The news that some Santander accounts have been infiltrated by hackers, hot on the heels of revelations involving Tesco last week, again highlights the acute vulnerability of systems that virtually every institution has embraced without a second thought. During the US Presidential Election, Donald Trump’s pre-victory insistence that the contest was rigged in favour of his opponent appeared to be based on the method of voting, which in many cases was done using touch-screen technology. The traditional pencil-on-paper system in the polling booth, whereupon full ballot boxes are then escorted to the counting centres under the strictest official supervision, was virtually foolproof. Whenever this has been altered, whether via postal voting or the ‘chad’ farce that caused so much trouble in 2000, problems and accusations of tampering arise. The thought that future voting could be solely an online exercise opens the floodgates for all manner of abuse.

It is amazing how converting so many transactions to exclusively online exchanges has been undertaken free from doubt over the last decade. It’s as if nobody has ever heard of the existence of hackers at all. Official correspondence or financial dealings that were once done on the phone or in person are now more or less all the province of the computer, the laptop and the Smartphone. Even the most insignificant exchange today requires the amount of personal information that would once have been reserved for Checkpoint Charlie, though passwords are not the impregnable fortresses we are led to believe. So many people construct them with personal details such as dates of birth, mother’s maiden name or the name of first pets, yet this has already been openly provided to the likes of Facebook, which is accessible without much in the way of effort. Hackers have the technology that can feed all this info into a blender that will then calculate the numerous permutations of a password before eventually coming up with the correct one.
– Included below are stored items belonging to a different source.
theorem theorem1:
  fixes f g :: "real^('n::{finite,linorder}) \<Rightarrow> real"
    and q :: nat and L :: "nat \<Rightarrow> real^('n::{finite,linorder})" and ell :: "nat \<Rightarrow> real"
    and X :: "(real^('n::{finite,linorder})) set"
    and K :: "real^('n::{finite,linorder})" and Q P :: "real^('n::{finite,linorder})^('n::{finite,linorder})"
    and \<gamma> ebar wbar :: real
  assumes f_C1: "C1_fun f" and g_C1: "C1_fun g"
    and f0: "f 0 = 0" and g_nz: "\<forall>x. g x \<noteq> 0"
    and X_def: "X = {x. \<forall>j\<in>{1..q}. L j \<bullet> x \<le> ell j}"
    and X_compact: "compact X" and X_int: "0 \<in> interior X"
    and K_hurwitz: "hurwitz (A0 - outer e_last K)"
    and Q_pd: "sym_pd Q" and P_pd: "sym_pd P"
    and lyap: "transpose (A0 - outer e_last K) ** P + P ** (A0 - outer e_last K) = - Q"
    and gamma_def: "\<gamma> = 4 * lambda_max P ^ 3 / lambda_min Q ^ 2"
    and wbar_nn: "0 \<le> wbar"
    and ebar_def: "ebar = sqrt (\<gamma> * wbar\<^sup>2 / lambda_min P)"
  shows "\<exists>\<alpha>l \<beta>l. 0 \<le> \<alpha>l \<and> 0 \<le> \<beta>l \<and>
    (\<forall>\<alpha> \<beta> (N::nat) T tl (xd :: real \<Rightarrow> real^('n::{finite,linorder})) (xb :: nat \<Rightarrow> real^('n::{finite,linorder})).
       \<alpha>l \<le> \<alpha> \<longrightarrow> \<beta>l \<le> \<beta> \<longrightarrow> 0 < T \<longrightarrow> 0 \<le> tl \<longrightarrow>
       dyn_admissible f g tl (tl + real N * T) xd \<longrightarrow>
       (\<forall>t\<in>{tl..tl + real N * T}. Omega P \<gamma> wbar xd t \<subseteq> X) \<longrightarrow>
       (\<forall>k<N. xb k \<in> X) \<longrightarrow>
       (\<forall>k<N. \<forall>t\<in>{tl + real k * T ..< tl + real (Suc k) * T}. \<forall>x\<in>Omega P \<gamma> wbar xd t.
          \<bar>kfbl f g K xd x t\<bar> \<le>
            1/2 * (sigma_vec f xd (xb k) t \<bullet> (M_ab \<alpha> \<beta> *v sigma_vec f xd (xb k) t))
            + N_ab g K ebar \<alpha> \<beta> (xb k) \<bullet> sigma_vec f xd (xb k) t
            + Gamma_ab g K ebar \<alpha> \<beta> (xb k)))"
proof -
  have "convex X"
    unfolding X_def by (auto simp: convex_def inner_add_right intro!: convex_bound_le)
  obtain \<alpha>0 where f_lip: "\<alpha>0-lipschitz_on X f"
    using C1_fun_lipschitz_on[OF f_C1 X_compact \<open>convex X\<close>] by blast
  obtain \<beta>0 where ginv_lip: "\<beta>0-lipschitz_on X (\<lambda>x. inverse (g x))"
    using C1_fun_inverse_lipschitz_on[OF g_C1 X_compact \<open>convex X\<close> g_nz] by blast
  show ?thesis
  proof (rule exI[of _ \<alpha>0], rule exI[of _ \<beta>0], intro conjI allI impI ballI
      lipschitz_on_nonneg[OF f_lip] lipschitz_on_nonneg[OF ginv_lip])
    fix \<alpha> \<beta> T tl t x xd xb and N k :: nat
    assume "\<alpha>0 \<le> \<alpha>" "\<beta>0 \<le> \<beta>" "0 < T" "0 \<le> tl"
      and "dyn_admissible f g tl (tl + real N * T) xd"
      and Omega_X: "\<forall>t\<in>{tl..tl + real N * T}. Omega P \<gamma> wbar xd t \<subseteq> X"
      and xb_X: "\<forall>k<N. xb k \<in> X" and "k < N"
      and t: "t \<in> {tl + real k * T ..< tl + real (Suc k) * T}" and x: "x \<in> Omega P \<gamma> wbar xd t"
    have "t \<in> {tl..tl + real N * T}"
      using sample_interval_subset_horizon[OF \<open>k < N\<close>, of T tl] t \<open>0 < T\<close> by auto
    then have "x \<in> X" using Omega_X x by blast
    moreover have "xb k \<in> X" using xb_X \<open>k < N\<close> by blast
    moreover have "norm (x - xd t) \<le> ebar"
      using Omega_norm_le[OF P_pd x] ebar_def by simp
    moreover have "\<alpha>-lipschitz_on X f" using f_lip \<open>\<alpha>0 \<le> \<alpha>\<close> by (rule lipschitz_on_le)
    moreover have "\<beta>-lipschitz_on X (\<lambda>x. inverse (g x))"
      using ginv_lip \<open>\<beta>0 \<le> \<beta>\<close> by (rule lipschitz_on_le)
    ultimately show "\<bar>kfbl f g K xd x t\<bar> \<le>
        1/2 * (sigma_vec f xd (xb k) t \<bullet> (M_ab \<alpha> \<beta> *v sigma_vec f xd (xb k) t))
        + N_ab g K ebar \<alpha> \<beta> (xb k) \<bullet> sigma_vec f xd (xb k) t + Gamma_ab g K ebar \<alpha> \<beta> (xb k)"
      by (intro kfbl_abs_le_sigma_form[where xd = xd and t = t])
  qed
qed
They don’t even break sweat.

The unthinking transference of intimate facts to a database that is hardly the Fort Knox of Cyberspace is entered into with headshaking naivety in many cases. I have a friend whose Facebook wall is crammed with gifts for the unscrupulous. Every time she goes on holiday, she announces the fact beforehand and then floods her wall with images of said vacation while her home stands empty and available for any techno-savvy burglar. Even if she has a house-sitter during her absence, she will also announce this fact, thus alerting the burglar to the news that the house-sitter’s home is empty.
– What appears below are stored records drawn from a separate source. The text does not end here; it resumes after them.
(* For every string $s\in\Sigma^*$, $\mathcal{F}^{-1}(\mathcal{F}(s))=s$.
   Context: Let $\Sigma$ be an alphabet and let $\texttt{@},\texttt{\$}$ be two distinct symbols not in $\Sigma$. For $s\in\Sigma^*$ with $|s|=n$ let $\hat s=\texttt{@}\,s\,\texttt{\$}$ (length $n+2$, positions $1,\dots,n+2$); $\hat s[i..j)$ denotes the substring at positions $i,\dots,j-1$ (empty if $i\ge j$). The leading (resp. trailing) run of a non-empty string is its longest prefix (resp. suffix) consisting of a single repeated symbol. A bilateral token is a pair $(\sigma,p)$ with $\sigma$ a non-empty string and $p\ge 0$ an integer (split position); $\sigma[1..p]$ is its front, $\sigma[p+1..|\sigma|]$ its back; it is terminal if $p=0$. The Flashback decomposition $\mathcal{F}(s)$ is the token sequence produced as follows. Start with active span $[lo,hi)=[1,n+3)$ of $\hat s$. At a step: if $lo\ge hi$, stop. Let $\ell$ be the length of the leading run of $\hat s[lo..hi)$. If $\ell=hi-lo$, append $(\hat s[lo..hi),0)$ and stop. Otherwise let $\hat s[r..hi)$ be the trailing run of $\hat s[lo..hi)$ and $\sigma=\hat s[lo..lo+\ell)\cdot\hat s[r..hi)$; if $lo+\ell\ge r$, append $(\sigma,0)$ and stop; otherwise append $(\sigma,\ell)$ and repeat with active span $[lo+\ell,r)$. For a token sequence $T=[\tau_0,\dots,\tau_{k-1}]$ with $\tau_i=(\sigma_i,p_i)$, define $N_{k-1}=\sigma_{k-1}$ and $N_i=\sigma_i[1..p_i]\cdot N_{i+1}\cdot\sigma_i[p_i+1..|\sigma_i|]$ for $i<k-1$; the reconstruction $\mathcal{F}^{-1}(T)$ is $N_0$ with its first and last characters removed. *)

theory Defs
  imports Main
begin

datatype 'a xsym = At | Dollar | Ch 'a

definition hat :: "'a list \<Rightarrow> 'a xsym list" where
  "hat s = At # map Ch s @ [Dollar]"

definition lead_run :: "'b list \<Rightarrow> nat" where
  "lead_run w = length (takeWhile (\<lambda>c. c = hd w) w)"

definition trail_run :: "'b list \<Rightarrow> nat" where
  "trail_run w = length (takeWhile (\<lambda>c. c = last w) (rev w))"

lemma lead_run_pos: "w \<noteq> [] \<Longrightarrow> lead_run w \<ge> 1"
  by (cases w) (auto simp: lead_run_def)

(* Flashback decomposition applied to the content of the active span
   (the active span [lo,hi) is represented by the substring \<hat>s[lo..hi)). *)
function flash :: "'b list \<Rightarrow> ('b list \<times> nat) list" where
  "flash w =
     (if w = [] then []
      else let l = lead_run w in
        if l = length w then [(w, 0)]
        else let r = length w - trail_run w;
                 \<sigma> = take l w @ drop r w in
          if l \<ge> r then [(\<sigma>, 0)]
          else (\<sigma>, l) # flash (drop l (take r w)))"
  by pat_completeness auto
termination
proof (relation "measure length", simp)
  fix w :: "'b list" and l r
  assume "w \<noteq> []" "l = lead_run w" "\<not> r \<le> l"
  then show "(drop l (take r w), w) \<in> measure length"
    using lead_run_pos[of w] by (cases w) auto
qed

definition flashback :: "'a list \<Rightarrow> ('a xsym list \<times> nat) list" where
  "flashback s = flash (hat s)"

fun nest :: "('b list \<times> nat) list \<Rightarrow> 'b list" where
  "nest [] = []"
| "nest [(\<sigma>, p)] = \<sigma>"
| "nest ((\<sigma>, p) # T) = take p \<sigma> @ nest T @ drop p \<sigma>"

definition flashback_inv :: "('b list \<times> nat) list \<Rightarrow> 'b list" where
  "flashback_inv T = butlast (tl (nest T))"

end

theory Submission
  imports Defs
begin

text \<open>Each token stores the leading and trailing run of the current span, and the next span is
  exactly what lies strictly between them, so nesting the reconstruction of the rest between the
  front and back of a token rebuilds the span. When the decomposition stops with
  \<open>lo + \<ell> \<ge> r\<close>, the two runs cannot overlap (an overlap would make the whole span a single
  run, which is caught one test earlier), so \<open>lo + \<ell> = r\<close> and the token is the entire span.
  Hence \<open>nest (flash w) = w\<close>, and stripping the sentinels of \<open>\<hat>s\<close> gives back \<open>s\<close>.\<close>

lemma lead_run_le_length: "lead_run w \<le> length w"
  unfolding lead_run_def by (rule length_takeWhile_le)

lemma P_nth_takeWhile: "k < length (takeWhile P xs) \<Longrightarrow> P (xs ! k)"
  by (metis nth_mem set_takeWhileD takeWhile_nth)

lemma nth_lead_run: "k < lead_run w \<Longrightarrow> w ! k = hd w"
  unfolding lead_run_def using P_nth_takeWhile[of k "\<lambda>c. c = hd w" w] by simp

lemma nth_lead_run_neq_hd: "lead_run w < length w \<Longrightarrow> w ! lead_run w \<noteq> hd w"
  unfolding lead_run_def using nth_length_takeWhile[of "\<lambda>c. c = hd w" w] by simp

lemma nth_trail_run:
  assumes "length w - trail_run w \<le> j" and "j < length w"
  shows "w ! j = last w"
proof -
  have "trail_run w \<le> length w"
    unfolding trail_run_def by (metis length_rev length_takeWhile_le)
  then have "length w - 1 - j < length (takeWhile (\<lambda>c. c = last w) (rev w))"
    using assms unfolding trail_run_def by linarith
  then have "rev w ! (length w - 1 - j) = last w"
    using P_nth_takeWhile[of _ "\<lambda>c. c = last w" "rev w"] by simp
  then show ?thesis
    using assms(2) by (simp add: rev_nth)
qed

lemma lead_run_le_trail_run_start:
  assumes "lead_run w < length w"
  shows "lead_run w \<le> length w - trail_run w"
proof (rule ccontr)
  let ?r = "length w - trail_run w"
  assume "\<not> lead_run w \<le> ?r"
  then have "w ! ?r = hd w" and "w ! ?r = last w" and "w ! lead_run w = last w"
    using assms by (auto intro: nth_lead_run nth_trail_run)
  then show False
    using nth_lead_run_neq_hd[OF assms] by simp
qed

lemma nest_Cons: "T \<noteq> [] \<Longrightarrow> nest ((\<sigma>, p) # T) = take p \<sigma> @ nest T @ drop p \<sigma>"
  by (cases T) auto

declare flash.simps [simp del]

lemma flash_nonempty: "w \<noteq> [] \<Longrightarrow> flash w \<noteq> []"
  by (subst flash.simps) (auto simp: Let_def)

lemma nest_flash: "nest (flash w) = w"
proof (induction w rule: flash.induct)
  case (1 w)
  define l where "l = lead_run w"
  define r where "r = length w - trail_run w"
  consider "w = []" | "w \<noteq> []" "l = length w" | "w \<noteq> []" "l < length w" "r \<le> l"
    | "w \<noteq> []" "l < length w" "l < r"
    using lead_run_le_length[of w] unfolding l_def by linarith
  then show ?case
  proof cases
    case 1
    then show ?thesis by (subst flash.simps) simp
  next
    case 2
    then show ?thesis by (subst flash.simps) (simp add: l_def)
  next
    case 3
    then have "r = l"
      using lead_run_le_trail_run_start[of w] unfolding l_def r_def by simp
    with 3 show ?thesis
      by (subst flash.simps) (simp add: Let_def l_def [symmetric] r_def [symmetric])
  next
    case 4
    let ?mid = "drop l (take r w)"
    have "r \<le> length w" and "?mid \<noteq> []"
      using 4 unfolding r_def by auto
    have flash_w: "flash w = (take l w @ drop r w, l) # flash ?mid"
      using 4 by (subst flash.simps) (simp add: Let_def l_def [symmetric] r_def [symmetric])
    have "nest (flash ?mid) = ?mid"
      using "1.IH" 4 unfolding l_def r_def by (simp add: Let_def)
    then have "nest (flash w) = take l w @ ?mid @ drop r w"
      using 4 by (simp add: flash_w nest_Cons flash_nonempty[OF \<open>?mid \<noteq> []\<close>])
    also have "\<dots> = w"
      using \<open>l < r\<close> \<open>r \<le> length w\<close>
      by (metis append.assoc append_take_drop_id take_take min_absorb1 less_imp_le)
    finally show ?thesis .
  qed
qed

theorem theorem4p2:
  fixes s :: "'a list"
  shows "flashback_inv (flashback s) = map Ch s"
  unfolding flashback_inv_def flashback_def by (simp add: nest_flash hat_def)

end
It beggars belief that intelligent individuals can be so stupid when it comes to their online identities, yet it’s so commonplace today that China’s State suppression of Google seems almost quaint, an archaic throwback to Soviet-style surveillance of its citizens that is unnecessary when the citizens themselves are quite happy to surrender their secrets to Google as it is.
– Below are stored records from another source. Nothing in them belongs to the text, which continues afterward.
theorem lemma3p1:
  fixes \<L> :: "((real^'d::finite) \<times> (real^'h::finite)) set"
    and A :: "nat \<Rightarrow> (real^'h::finite) set"
  assumes lat: "is_lattice \<L>"
    and inj: "inj_on fst \<L>"
    and dense: "closure (snd ` \<L>) = UNIV"
    and relcpt: "\<And>i. i \<ge> 1 \<Longrightarrow> compact (closure (A i))"
    and meas: "\<And>i. i \<ge> 1 \<Longrightarrow> A i \<in> sets lebesgue"
    and intr: "\<And>i. i \<ge> 1 \<Longrightarrow> interior (A i) \<noteq> {}"
    and bdry: "\<And>i. i \<ge> 1 \<Longrightarrow> frontier (A i) \<in> null_sets lebesgue"
    and decr: "\<And>i. i \<ge> 1 \<Longrightarrow> A (Suc i) \<subseteq> A i"
    and vol0: "(\<lambda>i. measure lebesgue (A i)) \<longlonglongrightarrow> 0"
  shows "(\<exists>Rs :: nat \<Rightarrow> real. \<forall>i\<ge>1. \<forall>R\<ge>Rs i.
            real (card {l \<in> fst ` \<L>. infnorm l \<le> R \<and> star_map \<L> l \<in> A i})
              \<le> 2 ^ (CARD('d) + 1) * lattice_dens \<L> * measure lebesgue (A i) * R ^ CARD('d))
       \<and> (\<forall>T :: nat \<Rightarrow> real. filterlim T at_top sequentially \<longrightarrow>
            (\<lambda>j. real (card {l \<in> fst ` \<L>. infnorm l \<le> T j \<and> star_map \<L> l \<in> A j}))
              \<in> o(\<lambda>j. T j ^ CARD('d)))"
proof -
  obtain B where B: "independent B" "span B = UNIV" and L: "\<L> = int_span B"
    and dens: "lattice_dens \<L> = 1 / measure lebesgue (fund_par B)"
    using lat by (rule is_lattice_basis)
  have A: "bounded (A i)" "interior (A i) \<noteq> {}" "negligible (frontier (A i))" if "1 \<le> i" for i
    using relcpt[OF that] intr[OF that] bdry[OF that] compact_imp_bounded bounded_subset closure_subset
    by (auto simp: negligible_iff_null_sets)
  define N where "N i R = real (card {l \<in> fst ` \<L>. infnorm l \<le> R \<and> star_map \<L> l \<in> A i})" for i R
  have N: "N i R = real (card (window_points (int_span B) R (A i)))" for i R
    unfolding N_def card_star_window[OF inj] by (simp add: L)
  define C where "C i = 2 ^ (CARD('d) + 1) * lattice_dens \<L> * measure lebesgue (A i)" for i
  have "eventually (\<lambda>R. N i R \<le> C i * R ^ CARD('d)) at_top" if "1 \<le> i" for i
    using eventually_card_window_points_le[OF B dense[unfolded L] A[OF that]]
    by eventually_elim (use fund_par_measure_pos[OF B] in \<open>simp add: N C_def dens field_simps\<close>)
  then obtain Rs where Rs: "\<And>i R. 1 \<le> i \<Longrightarrow> Rs i \<le> R \<Longrightarrow> N i R \<le> C i * R ^ CARD('d)"
    unfolding eventually_at_top_linorder by metis
  have "(\<lambda>j. N j (T j)) \<in> o(\<lambda>j. T j ^ CARD('d))" if "filterlim T at_top sequentially" for T
  proof (rule smallo_diagonal_of_decreasing_bounds[OF _ _ Rs _ that])
    show "N (Suc i) R \<le> N i R" if "1 \<le> i" for i R
      unfolding N of_nat_le_iff
      by (intro card_mono finite_window_points[OF B A(1)[OF that]] window_points_mono decr[OF that]) simp
    show "C \<longlonglongrightarrow> 0" unfolding C_def using tendsto_mult_right_zero[OF vol0] by simp
  qed (simp add: N_def)
  with Rs show ?thesis unfolding N_def C_def by blast
qed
It doesn’t matter which system is the user’s preferred choice – Facebook, Twitter, Amazon, eBay, YouTube, Instagram or any of the endless new kids on the techno block – one only has to show a moderate interest in anything and the bombardment begins. If you like that, you might like this etc. We know you better than you know yourself. We know what your preferences are in music, films, TV, books, clothes, food. We are your friends. You will like what we suggest. You will do as you’re told. You will buy that gun and you will assassinate President Trump.